Para empezar, aquí les quitamos lo glamoroso desde el nombre: no son espías, con simples “orejas”. Y dos, no ganan una fortuna ni andan en autos lujosos, pero eso sí, están más expandidos y presentes de lo que cualquiera podría creer.
Porque no solo los hay del Centro de Inteligencia y Seguridad Nacional, Cisen, sino que, me atrevería a decir, todas las corporaciones de seguridad pública los tienen. Una muestra son los agentes no uniformados de la policía de Guadalajara, pero igual los tenía la policía estatal, la secretaría de Gobierno, cuerpos castrenses, oficinas diplomáticas y -se sabe ahora-, hasta grupos criminales con sus halcones.
Rosario Bareño, periodista de la OEM, acaba de publicar su experiencia en la que narra sobre una supuesta reportera de un medio digital que se codeaba con diputados y comunicadores en el Congreso local y que, por el olvido un día de su bolso y al revisar a quién pertenecía descubrieron sus credenciales: era espía. Sabida su actividad, la “oreja” se alejó.
La semana pasada acudí a cubrir un evento de Morena y allí vi, entre la multitud, una vieja cara conocida, la de una mujer bajita, morena, de pelo chino que desde hace más de 20 años es “oreja” de una corporación estatal; como entonces, ahora estaba anotando, grabando audios sin llamar la atención, aunque no parecía haber prosperado mucho en todo este tiempo.
Lo singular es que ahora, como hace muchos años, estos personajes son aceptados casi en cualquier círculo. Como en este evento, hay partidos, organismos y políticos que saben que ellos son “orejas” y les permiten el paso. No pocas veces hasta reporteros les piden datos del evento, mitin o bloqueo al que no alcanzaron a llegar a tiempo para redactar, después, su noticia.
Otro tipo de espionaje es el que encargaban a empleados de cierta agencia estatal de noticias: les pedían reportes especiales de personas o conflictos específicos que no eran para distribuirlos a sus clientes, los medios abonados. Con cierto pudor algunos de ellos me confesaron que esas indagatorias especiales iban a la dependencia encargada de la gobernabilidad en el país.
Pocos han sido los “orejas” llenos de fiesta y glamour como el alegre y popular agregado diplomático de ascendencia afroamericana que se codeó, por años, con empresarios, líderes y políticos de Jalisco y cuya verdadera función era por todos conocida, pero parecía que no incomodaba.

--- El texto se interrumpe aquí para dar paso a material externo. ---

lemma special_pt_hom4_scale:
  assumes inv: "sl2_invariant F" and hom: "hom_poly 4 F" and "s \<noteq> 0"
  shows "F (special_pt (s * a) (s * b)) = s^2 * F (special_pt a b)"
proof -
  obtain t :: complex where t4: "t^4 = s" using nth_root_exists[of 4 s] by auto
  \<comment> \<open>diag(t, 1/t) scales the x^2-coefficients by t^2 and the x y^3-coefficient by 1/t^2.\<close>
  have "t \<noteq> 0" using t4 \<open>s \<noteq> 0\<close> by auto
  have "subst_act t 0 0 (1/t) (\<lambda>i. t^2 * special_pt a b i) = special_pt (s * a) (s * b)"
    using \<open>t \<noteq> 0\<close> t4 by (auto simp: fun_eq_iff subst_act_def special_pt_def comp1_def comp2_def comp3_def
        quad_subst_def quartic_subst_def power2_eq_square power3_eq_cube power4_eq_xxxx field_simps)
  moreover have "F (subst_act t 0 0 (1/t) (\<lambda>i. t^2 * special_pt a b i)) = F (\<lambda>i. t^2 * special_pt a b i)"
    using \<open>t \<noteq> 0\<close> by (simp add: sl2_invariant_subst_act[OF inv])
  moreover have "(t^2)^4 = s^2" using t4 by (metis power_mult mult.commute)
  ultimately show ?thesis by (simp add: hom_poly_scale[OF hom])
qed

lemma poly_eq_0_if_vanishes_off:
  fixes p :: "complex poly"
  assumes "\<And>z. z \<noteq> c \<Longrightarrow> poly p z = 0"
  shows "p = 0"
proof (rule ccontr)
  assume "p \<noteq> 0"
  then have "finite {z. poly p z = 0}" by (rule poly_roots_finite)
  moreover have "UNIV - {c} \<subseteq> {z. poly p z = 0}" using assms by auto
  ultimately have "finite (UNIV - {c})" by (rule finite_subset[rotated])
  then show False by (simp add: infinite_UNIV_char_0)
qed

lemma hom_poly_special_pt_line:
  assumes "hom_poly n F"
  shows "\<exists>p. \<forall>s. F (special_pt (u * s + v) (u' * s + v')) = poly p s"
proof -
  have "special_pt (u * s + v) (u' * s + v')
        = (\<lambda>i. special_pt v v' i + s * (u * basis_sum {0} i + u' * basis_sum {3} i))" for s
    by (simp add: fun_eq_iff special_pt_def basis_sum_def)
  moreover obtain p where
    "\<forall>s. F (\<lambda>i. special_pt v v' i + s * (u * basis_sum {0} i + u' * basis_sum {3} i)) = poly p s"
    using hom_poly_on_line[OF assms, of "special_pt v v'" "\<lambda>i. u * basis_sum {0} i + u' * basis_sum {3} i"]
    by blast
  ultimately show ?thesis by auto
qed

lemma special_pt_hom4_zero:
  assumes inv: "sl2_invariant F" and hom: "hom_poly 4 F"
  shows "\<exists>a b. (a \<noteq> 0 \<or> b \<noteq> 0) \<and> F (special_pt a b) = 0"
proof -
  obtain p where p: "\<And>b. F (special_pt 1 b) = poly p b"
    using hom_poly_special_pt_line[OF hom, of 0 1 1 0] by auto
  show ?thesis
  proof (cases "\<exists>b. poly p b = 0")
    case True
    then obtain b where "poly p b = 0" by blast
    then show ?thesis using p[of b] by (intro exI[of _ 1] exI[of _ b]) simp
  next
    case False
    then have "constant (poly p)" using fundamental_theorem_of_algebra by blast
    then have "poly p b = poly p 0" for b unfolding constant_def by blast
    then have c: "F (special_pt 1 b) = poly p 0" for b by (simp add: p)
    obtain p' where p': "\<And>a. F (special_pt a 1) = poly p' a"
      using hom_poly_special_pt_line[OF hom, of 1 0 0 1] by auto
    have "poly p' a = poly [:0, 0, poly p 0:] a" if "a \<noteq> 0" for a
    proof -
      have "poly p' a = a^2 * poly p 0"
        using special_pt_hom4_scale[OF inv hom that, of 1 "1/a"] that c p' by simp
      then show ?thesis by (simp add: power2_eq_square mult.assoc)
    qed
    then have "p' - [:0, 0, poly p 0:] = 0"
      by (intro poly_eq_0_if_vanishes_off[of 0]) simp
    then have "F (special_pt 0 1) = 0" using p'[of 0] by simp
    then show ?thesis by (intro exI[of _ 0] exI[of _ 1]) simp
  qed
qed

section \<open>A joint invariant of a quadratic and a quartic\<close>

definition quad_disc :: "(nat \<Rightarrow> complex) \<Rightarrow> complex" where
  "quad_disc u = u 1 ^ 2 - 4 * u 0 * u 2"

text \<open>Up to a constant factor, the second transvectant (u, g)_2 of a quadratic u and a quartic g.\<close>

definition quad_quartic_cov :: "(nat \<Rightarrow> complex) \<Rightarrow> (nat \<Rightarrow> complex) \<Rightarrow> nat \<Rightarrow> complex" where
  "quad_quartic_cov u g k =
     (if k = 0 then 2 * u 0 * g 2 - 3 * u 1 * g 1 + 12 * u 2 * g 0
      else if k = 1 then 6 * u 0 * g 3 - 4 * u 1 * g 2 + 6 * u 2 * g 1
      else 12 * u 0 * g 4 - 3 * u 1 * g 3 + 2 * u 2 * g 2)"

definition joint_inv :: "(nat \<Rightarrow> complex) \<Rightarrow> (nat \<Rightarrow> complex) \<Rightarrow> complex" where
  "joint_inv u g = quad_disc (quad_quartic_cov u g)"

lemma quad_disc_scale: "quad_disc (\<lambda>k. s * u k) = s^2 * quad_disc u"
  by (simp add: quad_disc_def power2_eq_square algebra_simps)

lemma quad_disc_quad_subst: "quad_disc (quad_subst a b c d u) = (a * d - b * c)^2 * quad_disc u"
  by (simp add: quad_disc_def quad_subst_def power2_eq_square algebra_simps)

lemma quad_quartic_cov_subst:
  "quad_quartic_cov (quad_subst a b c d u) (quartic_subst a b c d g)
     = (\<lambda>k. (a * d - b * c)^2 * quad_subst a b c d (quad_quartic_cov u g) k)"
proof
  fix k :: nat
  consider "k = 0" | "k = 1" | "k \<noteq> 0" "k \<noteq> 1" by blast
  then show "quad_quartic_cov (quad_subst a b c d u) (quartic_subst a b c d g) k
      = (a * d - b * c)^2 * quad_subst a b c d (quad_quartic_cov u g) k"
    by cases (simp_all add: quad_quartic_cov_def quad_subst_def quartic_subst_def
        power2_eq_square power3_eq_cube power4_eq_xxxx algebra_simps)
qed

lemma joint_inv_subst:
  "joint_inv (quad_subst a b c d u) (quartic_subst a b c d g) = (a * d - b * c)^6 * joint_inv u g"
proof -
  have "((a * d - b * c)^2)^2 * (a * d - b * c)^2 = (a * d - b * c)^6"
    by (simp flip: power_mult power_add)
  then show ?thesis
    by (simp add: joint_inv_def quad_quartic_cov_subst quad_disc_scale quad_disc_quad_subst)
qed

Otro caso es aquella historia de una reportera de radio que se involucró tanto con un “oreja” que se emparejó con él y vivieron muy felices –pero no por muchos años, dicen, no me consta-.
Es decir, el espionaje ha crecido en México no sólo por la tecnología y la intervención de teléfonos y computadoras, sino por una sociedad permisiva que cohabita silenciosamente con él y que un buen día se despierta asustada al “descubrir” con quién ha estado durmiendo… Y no es precisamente con Bond... James Bond, o alguna de sus espías que lo amaron.